In a statement today, MARC said it had assigned a rating of AAA(fg) for the RM500 million portion guaranteed by Danajamin Nasional Bhd, and AAA(bg) for the RM150 million guaranteed by OCBC Bank (Malaysia) Berhad (OCBC Malaysia).

"The assigned rating on the RM500 million portion reflects the unconditional and irrevocable financial guarantee provided by Danajamin which carries a financial insurer rating of AAA/stable from MARC," it said.

For the RM150 million portion, the agency said it reflected the credit strength of an unconditional and irrevocable guarantee by OCBC Malaysia, which is rated AAA/stable by MARC.

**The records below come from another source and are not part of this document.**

(* The set of $G\in\mathcal{T}$ such that the group $(\mathbb{N},G)$ is isomorphic to $(\mathbb{Q},+)$ is comeager in $\mathcal{T}$.
   Context: Let $\mathbb{N}^{\mathbb{N}\times\mathbb{N}}$ be the space of functions $\mathbb{N}\times\mathbb{N}\to\mathbb{N}$ with the product of discrete topologies (a Polish space). Let $\mathcal{A}=\{G\in\mathbb{N}^{\mathbb{N}\times\mathbb{N}}: G \text{ is an abelian group operation on } \mathbb{N} \text{ with identity element } 0\}$ and $\mathcal{T}=\{G\in\mathcal{A}: (\mathbb{N},G)\text{ is torsion-free}\}$, with the subspace topology; $\mathcal{T}$ is a Polish space (the space of countably infinite torsion-free abelian groups). Comeager means: complement is a countable union of nowhere dense sets. *)

theory Defs
  imports "HOL-Analysis.Analysis"
begin

text \<open>The space of binary operations on nat carries the product topology
 (Function_Topology instance for the function type) of the discrete
 topology on nat (nat's metric topology is discrete).\<close>

definition is_abgroup_op :: "(nat \<times> nat \<Rightarrow> nat) \<Rightarrow> bool" where
  "is_abgroup_op G \<longleftrightarrow>
     (\<forall>a b c. G (G (a, b), c) = G (a, G (b, c))) \<and>
     (\<forall>a b. G (a, b) = G (b, a)) \<and>
     (\<forall>a. G (0, a) = a) \<and>
     (\<forall>a. \<exists>b. G (a, b) = 0)"

primrec gmult :: "(nat \<times> nat \<Rightarrow> nat) \<Rightarrow> nat \<Rightarrow> nat \<Rightarrow> nat" where
  "gmult G 0 a = 0"
| "gmult G (Suc n) a = G (a, gmult G n a)"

The rating agency noted that Berjaya Sports Toto Berhad (BToto) remained the key contributor to the group, accounting for 70.5% and 80% of consolidated revenue of RM5 billion and operating profit of RM701.9 million respectively in financial year 2014 (FY14).

"Nonetheless, given BLand's 40.8% stake in BToto, dividends from the gaming subsidiary have been relatively modest, amounting to RM78.2 million in FY2014," MARC said.

MARC noted that BToto's accounts were consolidated on the basis that the combined stake of BLand and two other related shareholders exceed the 50% threshold in BToto.

On BLand's domestic property development, the rating agency said the activities had been relatively modest despite the availability of a large land bank.

"The land bank is expected to increase pending the completion of the acquisition of 245 acres of Selangor Turf Club (STC) land in Sungai Besi, by a subsidiary of BLand, for RM640 million to be settled by cash and land swap," MARC said.

According to MARC, BLand is expected to carry out a mixed-development project with a gross development value (GDV) of about RM24 billion on the said land.

"BLand was able to achieve strong take-up rates for its recent launches, particularly in Bukit Jalil, despite the challenging conditions in the domestic property market.

"For its ongoing domestic residential and commercial developments, the group has a GDV of RM2.3 billion which will support the property division's performance in the near term," said MARC.

MARC, however, said BLand's foreign property development activities considerably outweighed domestic projects, in terms of size and gestation periods.

According to MARC, BLands has a total of RM62 billion in GDV of foreign ongoing projects, with development periods up to 2035.

MARC said BLand's clubs and recreation business remained weak while the performance of the hotels and resorts division was moderate and characterised by asset disposals and acquisitions.

It said BLand recognised a disposal gain of RM94.7 million in FY2014 from the sale of Berjaya Singapore Hotel.

"Excluding the one-off gain from the hotel disposal in FY2014, the group's consolidated pre-tax profit would have declined marginally by 4.6% to RM440.5 million, due to lower earnings contribution from its gaming division," it said.

MARC viewed the company as continuing to be dependant on refinancing, disposal of investments and/or repayment of advances by subsidiaries to meet its debt obligations.

"Notwithstanding BLand's standalone risk factors, noteholders are insulated from the downside risk related to the credit profile of BLand by the guarantees provided by Danajamin and OCBC.

"Any change in the supported ratings or rating outlook would be primarily driven by changes in the credit strength of the guarantors," it added.